IHS Chemical and the Society of the Plastics Industry Inc. are taking their Global Plastics Summit into the fourth dimension.
That’s because Houston-based IHS and Washington-based SPI have lined up MIT professor Skylar Tibbits to speak at the event, which is scheduled for Oct. 28-30 in Chicago.
Tibbits has worked on what he calls 4-D technology, which takes 3-D printing technology one step further to allow the printing of items that adjust themselves over time in order to accommodate changing physical conditions. 4-D printed items also can repair themselves.
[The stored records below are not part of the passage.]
theory Submission
  imports Defs
begin

(* Write W(x) = x^\<alpha> log (2 e^(1/\<alpha>) / x), so that the unit ball of the log-weighted space is
   |f z| \<le> 1 / W(1 - |z|^2). Inserting this into C f(z) = \<integral>\<^sub>0\<^sup>1 f(sz) / (1 - sz) ds gives
   |C f(z)| \<le> \<integral>\<^sub>0\<^sup>1 ds / (W(1 - s^2|z|^2) (1 - s|z|)). The bound is attained at z = r \<in> [0,1) by
   F(z) = (1 - z^2)^(-\<alpha>) / Log (2 e^(1/\<alpha>) / (1 - z^2)), which lies in the unit ball because
   |1 - z^2| \<ge> 1 - |z|^2 and W increases on (0,2]. So the norm is the supremum over r of
   (1 - r^2)^\<alpha> times that integral; the substitution e^(-t) = s(1 - r) / (1 - sr) turns it into the
   stated kernel integral, and r = 0 gives 1 / (1/\<alpha> + log 2). *)

definition korenblum_log_weight :: "real \<Rightarrow> real \<Rightarrow> real" where
  "korenblum_log_weight \<alpha> x = x powr \<alpha> * ln (2 * exp (1/\<alpha>) / x)"

lemma ln_korenblum_log_weight_pos:
  fixes \<alpha> x :: real
  assumes "0 < \<alpha>" "0 < x" "x \<le> 2"
  shows "0 < ln (2 * exp (1/\<alpha>) / x)"
proof -
  have "1 < exp (1/\<alpha>)"
    using assms by simp
  then have "x < 2 * exp (1/\<alpha>)"
    using assms by linarith
  then show ?thesis
    using assms by simp
qed

lemma korenblum_log_weight_pos:
  assumes "0 < \<alpha>" "0 < x" "x \<le> 2"
  shows "0 < korenblum_log_weight \<alpha> x"
  using ln_korenblum_log_weight_pos[OF assms] assms(2) by (simp add: korenblum_log_weight_def)

lemma korenblum_log_weight_one_minus_square_pos:
  assumes "0 < \<alpha>" "\<bar>y\<bar> < 1"
  shows "0 < ln (2 * exp (1/\<alpha>) / (1 - y\<^sup>2))" "0 < korenblum_log_weight \<alpha> (1 - y\<^sup>2)"
proof -
  have "0 < 1 - y\<^sup>2"
    using assms(2) by (simp add: abs_square_less_1)
  moreover have "1 - y\<^sup>2 \<le> 2"
    using zero_le_power2[of y] by linarith
  ultimately
  show "0 < ln (2 * exp (1/\<alpha>) / (1 - y\<^sup>2))" "0 < korenblum_log_weight \<alpha> (1 - y\<^sup>2)"
    using ln_korenblum_log_weight_pos[OF assms(1)] korenblum_log_weight_pos[OF assms(1)] by simp_all
qed

lemma korenblum_log_weight_mono:
  assumes "0 < \<alpha>" "0 < x" "x \<le> y" "y \<le> 2"
  shows "korenblum_log_weight \<alpha> x \<le> korenblum_log_weight \<alpha> y"
proof -
  define h where "h u = u powr \<alpha> * (ln 2 + 1/\<alpha> - ln u)" for u
  have weight_eq: "korenblum_log_weight \<alpha> u = h u" if "0 < u" for u
    using that by (simp add: korenblum_log_weight_def h_def ln_div ln_mult)
  have "h x \<le> h y"
  proof (rule DERIV_nonneg_imp_increasing_open[OF \<open>x \<le> y\<close>])
    fix u assume u: "x < u" "u < y"
    then have "0 < u" "u \<le> 2" using assms by auto
    have "(h has_real_derivative \<alpha> * u powr (\<alpha> - 1) * (ln 2 - ln u)) (at u)"
      unfolding h_def using \<open>0 < u\<close> \<open>0 < \<alpha>\<close>
      by (auto intro!: derivative_eq_intros simp: powr_diff field_simps)
    moreover have "ln u \<le> ln 2" using \<open>0 < u\<close> \<open>u \<le> 2\<close> by simp
    ultimately show "\<exists>d. (h has_real_derivative d) (at u) \<and> 0 \<le> d"
      using \<open>0 < \<alpha>\<close> by auto
  next
    show "continuous_on {x..y} h"
      unfolding h_def using assms by (intro continuous_intros) auto
  qed
  then show ?thesis
    using assms by (simp add: weight_eq)
qed

lemma unit_disc_iff [simp]: "z \<in> unit_disc \<longleftrightarrow> cmod z < 1"
  by (simp add: unit_disc_def)

lemma korenblum_log_norm_eq:
  "korenblum_log_norm \<alpha> f =
     (SUP z\<in>unit_disc. ereal (korenblum_log_weight \<alpha> (1 - (cmod z)\<^sup>2) * cmod (f z)))"
  by (simp add: korenblum_log_norm_def korenblum_log_weight_def)

lemma korenblum_log_norm_le_imp_pointwise:
  assumes "0 < \<alpha>" "korenblum_log_norm \<alpha> f \<le> ereal M" "cmod z < 1"
  shows "cmod (f z) \<le> M / korenblum_log_weight \<alpha> (1 - (cmod z)\<^sup>2)"
proof -
  have "ereal (korenblum_log_weight \<alpha> (1 - (cmod z)\<^sup>2) * cmod (f z)) \<le> korenblum_log_norm \<alpha> f"
    unfolding korenblum_log_norm_eq using assms(3) by (intro SUP_upper) simp
  also note assms(2)
  finally have "korenblum_log_weight \<alpha> (1 - (cmod z)\<^sup>2) * cmod (f z) \<le> M"
    by simp
  moreover have "0 < korenblum_log_weight \<alpha> (1 - (cmod z)\<^sup>2)"
    using assms by (intro korenblum_log_weight_one_minus_square_pos(2)) auto
  ultimately show ?thesis
    by (simp add: pos_le_divide_eq mult.commute)
qed

definition cesaro_majorant :: "real \<Rightarrow> real \<Rightarrow> real \<Rightarrow> real" where
  "cesaro_majorant \<alpha> \<rho> s = 1 / (korenblum_log_weight \<alpha> (1 - (s * \<rho>)\<^sup>2) * (1 - s * \<rho>))"

lemma mult_unit_interval_bounds:
  fixes s \<rho> :: real
  assumes "0 \<le> s" "s \<le> 1" "0 \<le> \<rho>" "\<rho> < 1"
  shows "0 \<le> s * \<rho>" "s * \<rho> < 1"
proof -
  show "0 \<le> s * \<rho>" using assms by simp
  moreover have "s * \<rho> \<le> \<rho>" using assms by (simp add: mult_left_le_one_le)
  ultimately show "s * \<rho> < 1" using assms by simp
qed

lemma cesaro_majorant_pos:
  assumes "0 < \<alpha>" "0 \<le> \<rho>" "\<rho> < 1" "0 \<le> s" "s \<le> 1"
  shows "0 < cesaro_majorant \<alpha> \<rho> s"
  using mult_unit_interval_bounds[OF assms(4,5,2,3)]
    korenblum_log_weight_one_minus_square_pos(2)[OF assms(1), of "s * \<rho>"]
  by (simp add: cesaro_majorant_def)

lemma continuous_on_korenblum_log_weight: "continuous_on {0<..} (korenblum_log_weight \<alpha>)"
  unfolding korenblum_log_weight_def by (intro continuous_intros) auto

lemma continuous_on_cesaro_majorant:
  assumes "0 < \<alpha>" "0 \<le> \<rho>" "\<rho> < 1"
  shows "continuous_on {0..1} (cesaro_majorant \<alpha> \<rho>)"
proof -
  have bounds: "0 < 1 - (s * \<rho>)\<^sup>2" "0 < korenblum_log_weight \<alpha> (1 - (s * \<rho>)\<^sup>2)" "s * \<rho> \<noteq> 1"
    if "s \<in> {0..1}" for s
    using mult_unit_interval_bounds[of s \<rho>] that assms
      korenblum_log_weight_one_minus_square_pos(2)[OF assms(1), of "s * \<rho>"]
    by (auto simp: abs_square_less_1)
  have "continuous_on {0..1} (\<lambda>s. korenblum_log_weight \<alpha> (1 - (s * \<rho>)\<^sup>2))"
    by (rule continuous_on_compose2[OF continuous_on_korenblum_log_weight])
      (use bounds(1) in \<open>auto intro!: continuous_intros\<close>)
  then show ?thesis
    unfolding cesaro_majorant_def using bounds by (intro continuous_intros) (auto dest: bounds(2))
qed

lemma integrable_cesaro_majorant:
  assumes "0 < \<alpha>" "0 \<le> \<rho>" "\<rho> < 1"
  shows "set_integrable lborel {0..1} (cesaro_majorant \<alpha> \<rho>)"
    and "cesaro_majorant \<alpha> \<rho> integrable_on {0..1}"
  using continuous_on_cesaro_majorant[OF assms]
  by (auto intro: borel_integrable_atLeastAtMost' integrable_continuous_interval)
definition first_passage :: "real \<Rightarrow> (nat \<Rightarrow> real) \<Rightarrow> nat \<Rightarrow> bool" where
  "first_passage x d k \<longleftrightarrow> x \<le> (\<Sum>i<k. d i) \<and> (\<forall>j<k. (\<Sum>i<j. d i) < x)"

lemma first_passage_unique: "first_passage x d k \<Longrightarrow> first_passage x d l \<Longrightarrow> k = l"
  unfolding first_passage_def by (meson linorder_neqE_nat not_le)

lemma ex_first_passage:
  assumes "x \<le> (\<Sum>i<j. d i)"
  shows "\<exists>k\<le>j. first_passage x d k"
proof -
  obtain k where "x \<le> (\<Sum>i<k. d i)" "\<And>l. l < k \<Longrightarrow> \<not> x \<le> (\<Sum>i<l. d i)"
    using assms exists_least_iff[of "\<lambda>k. x \<le> (\<Sum>i<k. d i)"] by blast
  then show ?thesis
    using assms unfolding first_passage_def by (metis not_le_imp_less)
qed

lemma first_passage_restrict: "first_passage x (restrict d {..<k}) k = first_passage x d k"
  unfolding first_passage_def by simp

lemma sets_first_passage:
  "{d\<in>space (\<Pi>\<^sub>M i\<in>{..<k}. borel). first_passage x d k} \<in> sets (\<Pi>\<^sub>M i\<in>{..<k}. borel)"
proof -
  have "(\<lambda>d. \<Sum>i<j. d i :: real) \<in> borel_measurable (\<Pi>\<^sub>M i\<in>{..<k}. borel)" if "j \<le> k" for j
    using that by (intro borel_measurable_sum measurable_component_singleton) auto
  then show ?thesis
    unfolding first_passage_def
    by (intro sets.sets_Collect_conj sets.sets_Collect_finite_All') (auto simp del: lessThan_iff)
qed

lemma (in prob_space) indep_vars_prefix_suffix:
  fixes D :: "nat \<Rightarrow> 'a \<Rightarrow> real"
  assumes ind: "indep_vars (\<lambda>_. borel) D {..<n}" and "k \<le> n"
    and P: "P \<in> sets (\<Pi>\<^sub>M i\<in>{..<k}. borel)" and Q: "Q \<in> sets (\<Pi>\<^sub>M i\<in>{k..<n}. borel)"
  shows "prob {\<omega>\<in>space M. (\<lambda>i\<in>{..<k}. D i \<omega>) \<in> P \<and> (\<lambda>i\<in>{k..<n}. D i \<omega>) \<in> Q}
       = prob {\<omega>\<in>space M. (\<lambda>i\<in>{..<k}. D i \<omega>) \<in> P} * prob {\<omega>\<in>space M. (\<lambda>i\<in>{k..<n}. D i \<omega>) \<in> Q}"
proof -
  have "indep_var (\<Pi>\<^sub>M i\<in>{..<k}. borel) (\<lambda>\<omega>. \<lambda>i\<in>{..<k}. D i \<omega>)
      (\<Pi>\<^sub>M i\<in>{k..<n}. borel) (\<lambda>\<omega>. \<lambda>i\<in>{k..<n}. D i \<omega>)"
    using \<open>k \<le> n\<close> by (intro indep_var_restrict[OF ind]) auto
  from indep_varD[OF this P Q] show ?thesis
    by (simp add: vimage_def Int_def conj_commute)
qed

lemma (in prob_space) events_first_passage:
  fixes D :: "nat \<Rightarrow> 'a \<Rightarrow> real"
  assumes "\<And>i. i < k \<Longrightarrow> D i \<in> borel_measurable M"
  shows "{\<omega>\<in>space M. first_passage x (\<lambda>i. D i \<omega>) k} \<in> events"
proof -
  have "{\<omega>\<in>space M. first_passage x (\<lambda>i. D i \<omega>) k}
      = {\<omega>\<in>space M. (\<lambda>i\<in>{..<k}. D i \<omega>) \<in> {d\<in>space (\<Pi>\<^sub>M i\<in>{..<k}. borel). first_passage x d k}}"
    by (auto simp: space_PiM first_passage_restrict)
  also have "\<dots> \<in> events"
    using sets_first_passage by measurable (auto intro: assms)
  finally show ?thesis .
qed

text \<open>Splitting at the first passage time \<open>k\<close>, the first \<open>k\<close> increments decide the passage
  and are independent of the remaining ones.\<close>
lemma (in prob_space) prob_first_passage_le:
  fixes D :: "nat \<Rightarrow> 'a \<Rightarrow> real"
  assumes ind: "indep_vars (\<lambda>_. borel) D {..<n}" and "y \<ge> 0" and "k \<le> n"
    and half: "k < n \<Longrightarrow> 1/2 \<le> prob {\<omega>\<in>space M. -y \<le> (\<Sum>i\<in>{k..<n}. D i \<omega>)}"
  shows "prob {\<omega>\<in>space M. first_passage x (\<lambda>i. D i \<omega>) k}
      \<le> 2 * prob {\<omega>\<in>space M. first_passage x (\<lambda>i. D i \<omega>) k \<and> -y \<le> (\<Sum>i\<in>{k..<n}. D i \<omega>)}"
proof (cases "k = n")
  case True
  then show ?thesis
    using \<open>y \<ge> 0\<close> by (simp add: measure_nonneg)
next
  case False
  define Q where "Q = {d\<in>space (\<Pi>\<^sub>M i\<in>{k..<n}. borel). -y \<le> (\<Sum>i\<in>{k..<n}. d i :: real)}"
  have Q: "Q \<in> sets (\<Pi>\<^sub>M i\<in>{k..<n}. borel)"
  proof -
    have "(\<lambda>d. \<Sum>i\<in>{k..<n}. d i :: real) \<in> borel_measurable (\<Pi>\<^sub>M i\<in>{k..<n}. borel)"
      by (intro borel_measurable_sum measurable_component_singleton) auto
    then show ?thesis
      unfolding Q_def by measurable
  qed
  have "prob {\<omega>\<in>space M. first_passage x (\<lambda>i. D i \<omega>) k \<and> -y \<le> (\<Sum>i\<in>{k..<n}. D i \<omega>)}
      = prob {\<omega>\<in>space M. first_passage x (\<lambda>i. D i \<omega>) k} * prob {\<omega>\<in>space M. -y \<le> (\<Sum>i\<in>{k..<n}. D i \<omega>)}"
    (is "_ = ?pA * ?pC")
    using indep_vars_prefix_suffix[OF ind \<open>k \<le> n\<close> sets_first_passage Q]
    by (simp add: Q_def space_PiM first_passage_restrict)
  moreover have "?pA * 1 \<le> ?pA * (2 * ?pC)"
    using half False \<open>k \<le> n\<close> by (intro mult_left_mono) auto
  ultimately show ?thesis
    by (simp add: ac_simps)
qed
4-D printing is being looked at by many different sectors, including health care, construction and infrastructure. In 2013, Tibbits gave a TED talk on the emergence of 4-D printing.
“Our goal is to make this the preeminent event for the market, and 3-D printing is a key technology,” IHS executive Nick Vafiadis said in a recent phone interview. “It’s all about the future of the plastics industry.”
The first full day of GPS 2015 — Oct. 29 — will focus on emerging resin capacity and the impact on key segments of the supply chain, Vafiadis said. Speakers and panelists from numerous resin makers, processors and brand owners will be represented, including Borealis, Ineos, Sasol, Braskem Idesa, AEP Industries, Albemarle and Krauss-Maffei Corp.
Day two will focus on emerging technologies and will feature Tibbits, along with speakers from Proto Labs, Underwriters Laboratories, BD Medical, KW Plastics, Muehlstein and the Houston Mercantile Exchange. SPI President and CEO Bill Carteaux will serve as a moderator.
IHS consultants will present market outlooks on both days.
Last year’s GPS drew around 300 attendees, with attendance this year on pace to surpass that total, Vafiadis said.